Over on the elearnspace blog, George — I’m assuming it’s George — makes the following observation in This Time is Different. Part 1.: “I’m writing a series on the threat higher education faces and why I think it’s future is one of substantive, dramatic, and systemic changes. However, it’s not AI. There are a range of factors related to the core of what educators do: discover, create, and share knowledge. AI is part of it – and in the future may be the entirety of it. Short term, however, there are other urgent factors.“
I’ve increasingly been thinking about the whole “discover, create, share” thing in a different context over the last year or so, in the context of traditional stroytelling.
I now spend much of my free-play screen time trawling the archive.org
looking for 19th century folk tale and fairy tale collections, or searching dismally OCR’d 19th newspapers in the British newspapers archive (I would contribute my text corrections back, but in the British newspaper archive at least, the editor sucks and it would take forever; it’s not hard to imagine a karaoke display with that tries to highlight each word in turn to prompt you to read the text aloud, then use whisper.ai to tunr that into text, but as it is, you get arbitrarily chunked smally collections of words with their own edit box that take forever to update separately. The intention is obviously to improve the OCR training, not allow readers who who have transcribed the whole to paste some properly searchable text in and then let the machine have a go at text alignment.)
So for me, text related online discovery now largely relates to discovery within 19th century texts, creating is largely around trying to pull stories together, or sequences of stories that work together, and sharing is telling stories in folk clubs and storytelling gigs. As to sharing knowledge, the stories are, of course, all true…
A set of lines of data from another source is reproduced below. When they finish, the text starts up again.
lemma sum_triangle_div2_swap:
  "(\<Sum>j\<le>(b::nat). \<Sum>k\<le>(b - j) div 2. f j k) = (\<Sum>k\<le>b div 2. \<Sum>j\<le>b - 2 * k. f j k)"
proof -
  have "(\<Sum>j\<le>b. \<Sum>k\<le>(b - j) div 2. f j k) = (\<Sum>j\<le>b. \<Sum>k\<in>{k. k \<in> {..b div 2} \<and> j + 2 * k \<le> b}. f j k)"
    by (rule sum.cong[OF refl], rule sum.cong) auto
  also have "\<dots> = (\<Sum>k\<le>b div 2. \<Sum>j\<in>{j. j \<in> {..b} \<and> j + 2 * k \<le> b}. f j k)"
    by (rule sum.swap_restrict) auto
  also have "\<dots> = (\<Sum>k\<le>b div 2. \<Sum>j\<le>b - 2 * k. f j k)"
    by (rule sum.cong[OF refl], rule sum.cong) auto
  finally show ?thesis .
qed

lemma sum_triangle_div2_swap_shift:
  "(\<Sum>j\<le>(b::nat). \<Sum>k\<le>j div 2. f j k) = (\<Sum>k\<le>b div 2. \<Sum>j\<le>b - 2 * k. f (j + 2 * k) k)"
proof -
  have "(\<Sum>j\<le>b. \<Sum>k\<le>j div 2. f j k) = (\<Sum>j\<le>b. \<Sum>k\<in>{k. k \<in> {..b div 2} \<and> 2 * k \<le> j}. f j k)"
    by (rule sum.cong[OF refl], rule sum.cong) auto
  also have "\<dots> = (\<Sum>k\<le>b div 2. \<Sum>j\<in>{j. j \<in> {..b} \<and> 2 * k \<le> j}. f j k)"
    by (rule sum.swap_restrict) auto
  also have "\<dots> = (\<Sum>k\<le>b div 2. \<Sum>j\<le>b - 2 * k. f (j + 2 * k) k)"
  proof (rule sum.cong[OF refl])
    fix k assume k: "k \<in> {..b div 2}"
    show "(\<Sum>j\<in>{j. j \<in> {..b} \<and> 2 * k \<le> j}. f j k) = (\<Sum>j\<le>b - 2 * k. f (j + 2 * k) k)"
      by (rule sum.reindex_bij_witness[where i="\<lambda>j. j + 2 * k" and j="\<lambda>j. j - 2 * k"]) (use k in auto)
  qed
  finally show ?thesis .
qed

context commuting_derivations
begin

abbreviation P :: "nat \<Rightarrow> 'r \<Rightarrow> 'r" where "P m f \<equiv> miwa_coeff D m f"

lemma P_add: "P m (a + b) = P m a + P m b"
  by (simp add: miwa_coeff_def Dpow_add scaleR_add_right sum.distrib)

lemma P_scaleR: "P m (c *\<^sub>R a) = c *\<^sub>R P m a"
  unfolding miwa_coeff_def by (simp add: Dpow_scaleR scaleR_sum_right mult.commute)

lemma P_zero [simp]: "P m 0 = 0"
  using P_scaleR[of m 0 0] by simp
I’ve also played with ChatGPT a little bit, and it’s a time waster for me. It’s a game as you try to refine the prompt to generate answers of substance, every claim of fact requires fact checking, and whilst the argumentation appears reasonable at a glance, it doesn’t always follow. The output is, on the surface, compelling and plausible, and is generated for you to read without you having to thing too much about it. I realise now whey Socratic dialogue as a mode of learning gets a hard press: the learner doesn’t really have to do much og the hard learning work, where you have to force your own brain circuits to generate sentences, and rewire those bits of your head that make you say things that don’t make sense, or spout ungrounded opinions, à la Chat je pétais.
In passing, via the tweets, All my classes suddenly became AI classes and the following policy for using chatGPT in an educational setting:
Elsewhere, I note that I should probably be following Jackie Gerstein via my feeds…
Dave Cormier also shares a beuaifully rich observation to ponder upon — ChatGPT as “autotune for knowledge”. And Simon Willison shares a handy guide to improving fart prompts from the Open.ai Cookbook — Techniques to improve reliability — because any prompts you do use naively are just that.
I hate and resent digital technology more and more every day.
And though trying to sell tickets to oral culture events, I am starting to realise how many people are digitally excluded, don’t have ready internet access, can’t buy things online, and don’t discover things online. And I would rather spend my time in their world than this digital one. Giving up archive.org would be a shame, but I have no trouble finding books in second hand bookshops, even if they do cost a bit more.